*What you need to do*
Go to the line containing "define c where" in the records below and print it and every following line exactly, on through the line containing "length ss = n", then stop.

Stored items
- Opening Delimiter -
(* Let $n\ge1$, $v>0$, $0\le\rho<\frac12v$, and let $B=(b_{jk})_{j,k=0}^n\in\mathbb{R}^{(n+1)\times(n+1)}$ with $b_{jk}=v-k$ if $j>k$, $b_{kk}=\frac v2-k-\rho$, $b_{jk}=-j$ if $j<k$. Set $\gamma=\sqrt{\frac14v^2-\rho^2}$. Then $$\det B=\Big(\frac v2-\rho\Big)(-i\gamma)^{n-1}\Big\{-i\gamma\,U_n\Big(-\frac{i(2\rho+1)}{2\gamma}\Big)+\Big(\frac v2+\rho\Big)U_{n-1}\Big(-\frac{i(2\rho+1)}{2\gamma}\Big)\Big\}.$$
   Context: $U_m$ denotes the $m$th Chebyshev polynomial of the second kind (evaluated at complex arguments as a polynomial); $i=\sqrt{-1}$. *)

theory Defs
  imports Complex_Main "Jordan_Normal_Form.Determinant"
begin

fun chebU :: "nat \<Rightarrow> complex \<Rightarrow> complex" where
  "chebU 0 x = 1"
| "chebU (Suc 0) x = 2 * x"
| "chebU (Suc (Suc m)) x = 2 * x * chebU (Suc m) x - chebU m x"

end

theory Submission imports Defs begin

text \<open>Subtracting the row with index n from the last one and then the column with index n from
  the last one leaves a bordered matrix whose last row and column vanish except in their final
  two entries. Expanding along them gives the three-term recurrence
  D(m+2) = -(2\<rho>+1) D(m+1) + (v/2+\<rho>)(v/2-\<rho>) D(m) for the leading principal minors D(m) of B.
  The scaled Chebyshev polynomials (-\<i>\<gamma>)^m U_m(x) satisfy the same recurrence, since
  2(-\<i>\<gamma>)x = -(2\<rho>+1) and -(-\<i>\<gamma>)^2 = \<gamma>^2 = (v/2+\<rho>)(v/2-\<rho>); comparing two
  initial values identifies the minors with the stated combination.\<close>

definition lin_rec2 :: "'a::comm_ring_1 \<Rightarrow> 'a \<Rightarrow> (nat \<Rightarrow> 'a) \<Rightarrow> bool" where
  "lin_rec2 a b f \<longleftrightarrow> (\<forall>m. f (Suc (Suc m)) = a * f (Suc m) + b * f m)"

lemma lin_rec2_eqI:
  assumes "lin_rec2 a b f" "lin_rec2 a b g" "f 0 = g 0" "f 1 = g 1"
  shows "f m = g m"
  using assms unfolding lin_rec2_def by (induction m rule: induct_nat_012) simp_all

lemma lin_rec2_shift:
  "lin_rec2 a b f \<Longrightarrow> lin_rec2 a b (\<lambda>m. f (Suc m))"
  unfolding lin_rec2_def by simp

lemma lin_rec2_lincomb:
  "lin_rec2 a b f \<Longrightarrow> lin_rec2 a b g \<Longrightarrow> lin_rec2 a b (\<lambda>m. c * f m + d * g m)"
  unfolding lin_rec2_def by (simp add: algebra_simps)

lemma lin_rec2_of_real:
  "lin_rec2 a b f \<Longrightarrow>
    lin_rec2 (of_real a) (of_real b) (\<lambda>m. of_real (f m) :: 'a::{real_algebra_1, comm_ring_1})"
  unfolding lin_rec2_def by simp

lemma lin_rec2_chebU_scaled:
  "lin_rec2 (2 * c * x) (- c\<^sup>2) (\<lambda>m. c ^ m * chebU m x)"
  unfolding lin_rec2_def by (simp add: algebra_simps power2_eq_square)

lemma mat_delete_mat_last:
  "mat_delete (mat (Suc n) (Suc n) f) n n = mat n n f"
  by (rule eq_matI) (auto simp: mat_delete_def)

lemma det_bordered:
  fixes M :: "'a::comm_ring_1 mat"
  assumes M: "M \<in> carrier_mat (n + 2) (n + 2)"
    and row: "\<And>j. j < n \<Longrightarrow> M $$ (n + 1, j) = 0"
    and col: "\<And>i. i < n \<Longrightarrow> M $$ (i, n + 1) = 0"
  shows "det M = M $$ (n + 1, n + 1) * det (mat_delete M (n + 1) (n + 1))
                 - M $$ (n + 1, n) * M $$ (n, n + 1)
                   * det (mat_delete (mat_delete M (n + 1) (n + 1)) n n)"
proof -
  define N where "N = mat_delete M (n + 1) n"
  have N: "N \<in> carrier_mat (n + 1) (n + 1)"
    using mat_delete_carrier[OF M] by (simp add: N_def)
  have "det N = (\<Sum>i<n + 1. N $$ (i, n) * cofactor N i n)"
    by (rule laplace_expansion_column[OF N]) simp
  also have "\<dots> = M $$ (n, n + 1) * cofactor N n n"
    using M col by (simp add: N_def mat_delete_def)
  moreover have "mat_delete N n n = mat_delete (mat_delete M (n + 1) (n + 1)) n n"
    using M by (intro eq_matI) (auto simp: N_def mat_delete_def)
  ultimately have det_N:
    "det N = M $$ (n, n + 1) * det (mat_delete (mat_delete M (n + 1) (n + 1)) n n)"
    by (simp add: cofactor_def)
  have "det M = (\<Sum>j<n + 2. M $$ (n + 1, j) * cofactor M (n + 1) j)"
    by (rule laplace_expansion_row[OF M]) simp
  also have "\<dots> = M $$ (n + 1, n) * cofactor M (n + 1) n
                  + M $$ (n + 1, n + 1) * cofactor M (n + 1) (n + 1)"
    using row by (simp add: numeral_2_eq_2)
  finally show ?thesis
    using det_N by (simp add: cofactor_def N_def)
qed

definition B_entry :: "real \<Rightarrow> real \<Rightarrow> nat \<times> nat \<Rightarrow> real" where
  "B_entry v \<rho> = (\<lambda>(j, k). if j > k then v - real k
                          else if j = k then v / 2 - real k - \<rho>
                          else - real j)"

lemma det_B_entry_rec:
  "lin_rec2 (- (2 * \<rho> + 1)) ((v / 2 + \<rho>) * (v / 2 - \<rho>))
     (\<lambda>m. det (mat m m (B_entry v \<rho>)))"
  unfolding lin_rec2_def
proof
  fix n
  define A where "A = mat (n + 2) (n + 2) (B_entry v \<rho>)"
  define M where "M = addcol (-1) (n + 1) n (addrow (-1) (n + 1) n A)"
  have A: "A \<in> carrier_mat (n + 2) (n + 2)"
    by (simp add: A_def)
  have M: "M \<in> carrier_mat (n + 2) (n + 2)"
    using A by (simp add: M_def mat_addrow_def mat_addcol_def)
  have "det M = det A"
    using A det_addrow[OF _ _ A, of n "n + 1"]
      det_addcol[of n "n + 2" "n + 1" "addrow (-1) (n + 1) n A"]
    by (simp add: M_def mat_addrow_def)
  moreover have "det M = - (2 * \<rho> + 1) * det (mat (n + 1) (n + 1) (B_entry v \<rho>))
      + (v / 2 + \<rho>) * (v / 2 - \<rho>) * det (mat n n (B_entry v \<rho>))"
  proof -
    have corner: "M $$ (n + 1, n + 1) = - (2 * \<rho> + 1)" "M $$ (n + 1, n) = v / 2 + \<rho>"
      "M $$ (n, n + 1) = - (v / 2 - \<rho>)"
      by (simp_all add: M_def A_def B_entry_def)
    have minor: "mat_delete M (n + 1) (n + 1) = mat (n + 1) (n + 1) (B_entry v \<rho>)"
      by (rule eq_matI) (auto simp: M_def A_def mat_delete_def)
    have "det M = M $$ (n + 1, n + 1) * det (mat_delete M (n + 1) (n + 1))
                 - M $$ (n + 1, n) * M $$ (n, n + 1)
                   * det (mat_delete (mat_delete M (n + 1) (n + 1)) n n)"
      by (rule det_bordered[OF M]) (simp_all add: M_def A_def B_entry_def)
    then show ?thesis
      unfolding corner minor mat_delete_mat_last[of n, unfolded Suc_eq_plus1]
      by (simp add: algebra_simps)
  qed
  ultimately show "det (mat (Suc (Suc n)) (Suc (Suc n)) (B_entry v \<rho>)) =
      - (2 * \<rho> + 1) * det (mat (Suc n) (Suc n) (B_entry v \<rho>))
      + (v / 2 + \<rho>) * (v / 2 - \<rho>) * det (mat n n (B_entry v \<rho>))"
    by (simp add: A_def)
qed

lemma det_B_entry_0_1:
  "det (mat 0 0 (B_entry v \<rho>)) = 1" "det (mat 1 1 (B_entry v \<rho>)) = v / 2 - \<rho>"
  by (simp, subst det_single) (auto simp: B_entry_def)

lemma det_B_entry_chebU:
  fixes c x :: complex
  assumes cx: "2 * c * x = complex_of_real (- (2 * \<rho> + 1))"
    and c_sq: "- c\<^sup>2 = complex_of_real ((v / 2 + \<rho>) * (v / 2 - \<rho>))"
  shows "complex_of_real (det (mat (m + 2) (m + 2) (B_entry v \<rho>))) =
           complex_of_real (v / 2 - \<rho>) * c ^ m
           * (c * chebU (Suc m) x + complex_of_real (v / 2 + \<rho>) * chebU m x)"
proof -
  define a where "a = complex_of_real (- (2 * \<rho> + 1))"
  define d where "d = complex_of_real (v / 2 - \<rho>)"
  define e where "e = complex_of_real (v / 2 + \<rho>)"
  define D where "D = (\<lambda>m. complex_of_real (det (mat m m (B_entry v \<rho>))))"
  define Q where "Q = (\<lambda>m. c ^ m * chebU m x)"
  have rec_D: "lin_rec2 a (e * d) D"
    using lin_rec2_of_real[OF det_B_entry_rec, where 'a = complex]
    by (simp add: D_def a_def d_def e_def)
  have rec_Q: "lin_rec2 a (e * d) Q"
    using lin_rec2_chebU_scaled[of c x] by (simp add: Q_def a_def d_def e_def cx c_sq)
  have "D (Suc (Suc m)) = d * Q (Suc m) + e * d * Q m"
  proof (rule lin_rec2_eqI)
    show "lin_rec2 a (e * d) (\<lambda>m. D (Suc (Suc m)))"
      using rec_D by (intro lin_rec2_shift)
    show "lin_rec2 a (e * d) (\<lambda>m. d * Q (Suc m) + e * d * Q m)"
      using rec_Q by (intro lin_rec2_lincomb lin_rec2_shift)
    have "D 0 = 1" "D 1 = d"
      unfolding D_def d_def det_B_entry_0_1 by simp_all
    moreover have "Q 0 = 1" "Q 1 = a"
      using cx by (simp_all add: Q_def a_def mult_ac)
    ultimately show "D (Suc (Suc 0)) = d * Q (Suc 0) + e * d * Q 0"
      "D (Suc (Suc 1)) = d * Q (Suc 1) + e * d * Q 1"
      using rec_D rec_Q unfolding lin_rec2_def by (simp_all add: algebra_simps)
  qed
  then show ?thesis
    unfolding d_def[symmetric] e_def[symmetric] D_def Q_def by (simp add: algebra_simps)
qed

theorem lemma5p4:
  fixes n :: nat and v \<rho> :: real
  assumes "n \<ge> 1" and "v > 0" and "0 \<le> \<rho>" and "\<rho> < v / 2"
  defines "B \<equiv> mat (n + 1) (n + 1)
              (\<lambda>(j, k). if j > k then v - real k
                        else if j = k then v / 2 - real k - \<rho>
                        else - real j)"
  defines "\<gamma> \<equiv> sqrt (v\<^sup>2 / 4 - \<rho>\<^sup>2)"
  defines "x \<equiv> - \<i> * complex_of_real (2 * \<rho> + 1) / complex_of_real (2 * \<gamma>)"
  shows "complex_of_real (det B) =
           complex_of_real (v / 2 - \<rho>) * (- \<i> * complex_of_real \<gamma>) ^ (n - 1) *
           (- \<i> * complex_of_real \<gamma> * chebU n x
            + complex_of_real (v / 2 + \<rho>) * chebU (n - 1) x)"
proof -
  have "\<rho>\<^sup>2 < (v / 2)\<^sup>2"
    using assms(3,4) by (intro power_strict_mono) auto
  then have \<gamma>_sq: "\<gamma>\<^sup>2 = (v / 2 + \<rho>) * (v / 2 - \<rho>)" and "\<gamma> \<noteq> 0"
    by (simp_all add: \<gamma>_def power_divide algebra_simps power2_eq_square)
  define c where "c = - \<i> * complex_of_real \<gamma>"
  have "2 * c * x = complex_of_real (- (2 * \<rho> + 1))"
    "- c\<^sup>2 = complex_of_real ((v / 2 + \<rho>) * (v / 2 - \<rho>))"
    using \<open>\<gamma> \<noteq> 0\<close> by (simp_all add: c_def x_def power_mult_distrib flip: \<gamma>_sq)
  note det_B_entry_chebU[OF this]
  moreover obtain m where "n = Suc m"
    using assms(1) by (cases n) auto
  moreover have "B = mat (n + 1) (n + 1) (B_entry v \<rho>)"
    by (simp add: B_def B_entry_def)
  ultimately show ?thesis
    unfolding c_def[symmetric] by simp
qed

end
(* Let $G$ be a group with finite generating set $\mathcal G$, and suppose that the Cayley graph of $G$ with respect to $\mathcal G$ has property $L_\delta$ for some $\delta\ge 0$. Then $G$ is almost convex with respect to $\mathcal G$ with constant $3\delta+2$: for every integer $n\ge 0$ and every two vertices $g,g'$ of the Cayley graph with $d(1,g)=d(1,g')=n$ and $d(g,g')\le 2$, there is a path in the Cayley graph from $g$ to $g'$ of length at most $3\delta+2$ that lies entirely in the closed ball of radius $n$ about the identity vertex $1$.
   Context: The Cayley graph of $G$ with respect to $\mathcal G$ is regarded as a geodesic metric space in which each edge is isometric to the unit interval; points of this space may lie in the interiors of edges, and $d$ denotes the resulting path metric (extending the word metric on vertices). The closed ball of radius $n$ is the set of points at distance at most $n$ from the identity vertex. For $\delta\ge 0$, a finite sequence of points $(x_1,\dots,x_n)$ is a $\delta$-path if $d(x_1,x_2)+\dots+d(x_{n-1},x_n)\le d(x_1,x_n)+\delta$. The space has property $L_\delta$ if for every three distinct points $x,y,z$ there exists a point $t$ such that $(x,t,y)$, $(y,t,z)$ and $(z,t,x)$ are all $\delta$-paths. *)

theory Defs
  imports Complex_Main "HOL-Algebra.Algebra"
begin

definition cay_vdist :: "('a, 'b) monoid_scheme \<Rightarrow> 'a set \<Rightarrow> 'a \<Rightarrow> 'a \<Rightarrow> real" where
  "cay_vdist G S g h = real (LEAST n. \<exists>ss. set ss \<subseteq> S \<union> (\<lambda>s. inv\<^bsub>G\<^esub> s) ` S \<and> length ss = n
      \<and> g \<otimes>\<^bsub>G\<^esub> foldr (\<lambda>s x. s \<otimes>\<^bsub>G\<^esub> x) ss \<one>\<^bsub>G\<^esub> = h)"

definition cay_edges :: "('a, 'b) monoid_scheme \<Rightarrow> 'a set \<Rightarrow> 'a set set" where
  "cay_edges G S = {{g, g \<otimes>\<^bsub>G\<^esub> s} | g s. g \<in> carrier G \<and> s \<in> S \<and> g \<otimes>\<^bsub>G\<^esub> s \<noteq> g}"

text \<open>A point is encoded canonically by the partial map sending each vertex of the
  closed cell containing it (in its interior) to the distance from that vertex:
  a vertex g is [g \<mapsto> 0]; the point of edge {u,v} at distance t from u (0<t<1)
  is [u \<mapsto> t, v \<mapsto> 1-t].\<close>
definition cay_points :: "('a, 'b) monoid_scheme \<Rightarrow> 'a set \<Rightarrow> ('a \<Rightarrow> real option) set" where
  "cay_points G S =
     {[g \<mapsto> 0] | g. g \<in> carrier G}
   \<union> {[u \<mapsto> t, v \<mapsto> 1 - t] | u v t. {u, v} \<in> cay_edges G S \<and> u \<noteq> v \<and> 0 < t \<and> t < 1}"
- Closing Delimiter -
*Answer*
  define c where "c = - \<i> * complex_of_real \<gamma>"
  have "2 * c * x = complex_of_real (- (2 * \<rho> + 1))"
    "- c\<^sup>2 = complex_of_real ((v / 2 + \<rho>) * (v / 2 - \<rho>))"
    using \<open>\<gamma> \<noteq> 0\<close> by (simp_all add: c_def x_def power_mult_distrib flip: \<gamma>_sq)
  note det_B_entry_chebU[OF this]
  moreover obtain m where "n = Suc m"
    using assms(1) by (cases n) auto
  moreover have "B = mat (n + 1) (n + 1) (B_entry v \<rho>)"
    by (simp add: B_def B_entry_def)
  ultimately show ?thesis
    unfolding c_def[symmetric] by simp
qed

end
(* Let $G$ be a group with finite generating set $\mathcal G$, and suppose that the Cayley graph of $G$ with respect to $\mathcal G$ has property $L_\delta$ for some $\delta\ge 0$. Then $G$ is almost convex with respect to $\mathcal G$ with constant $3\delta+2$: for every integer $n\ge 0$ and every two vertices $g,g'$ of the Cayley graph with $d(1,g)=d(1,g')=n$ and $d(g,g')\le 2$, there is a path in the Cayley graph from $g$ to $g'$ of length at most $3\delta+2$ that lies entirely in the closed ball of radius $n$ about the identity vertex $1$.
   Context: The Cayley graph of $G$ with respect to $\mathcal G$ is regarded as a geodesic metric space in which each edge is isometric to the unit interval; points of this space may lie in the interiors of edges, and $d$ denotes the resulting path metric (extending the word metric on vertices). The closed ball of radius $n$ is the set of points at distance at most $n$ from the identity vertex. For $\delta\ge 0$, a finite sequence of points $(x_1,\dots,x_n)$ is a $\delta$-path if $d(x_1,x_2)+\dots+d(x_{n-1},x_n)\le d(x_1,x_n)+\delta$. The space has property $L_\delta$ if for every three distinct points $x,y,z$ there exists a point $t$ such that $(x,t,y)$, $(y,t,z)$ and $(z,t,x)$ are all $\delta$-paths. *)

theory Defs
  imports Complex_Main "HOL-Algebra.Algebra"
begin

definition cay_vdist :: "('a, 'b) monoid_scheme \<Rightarrow> 'a set \<Rightarrow> 'a \<Rightarrow> 'a \<Rightarrow> real" where
  "cay_vdist G S g h = real (LEAST n. \<exists>ss. set ss \<subseteq> S \<union> (\<lambda>s. inv\<^bsub>G\<^esub> s) ` S \<and> length ss = n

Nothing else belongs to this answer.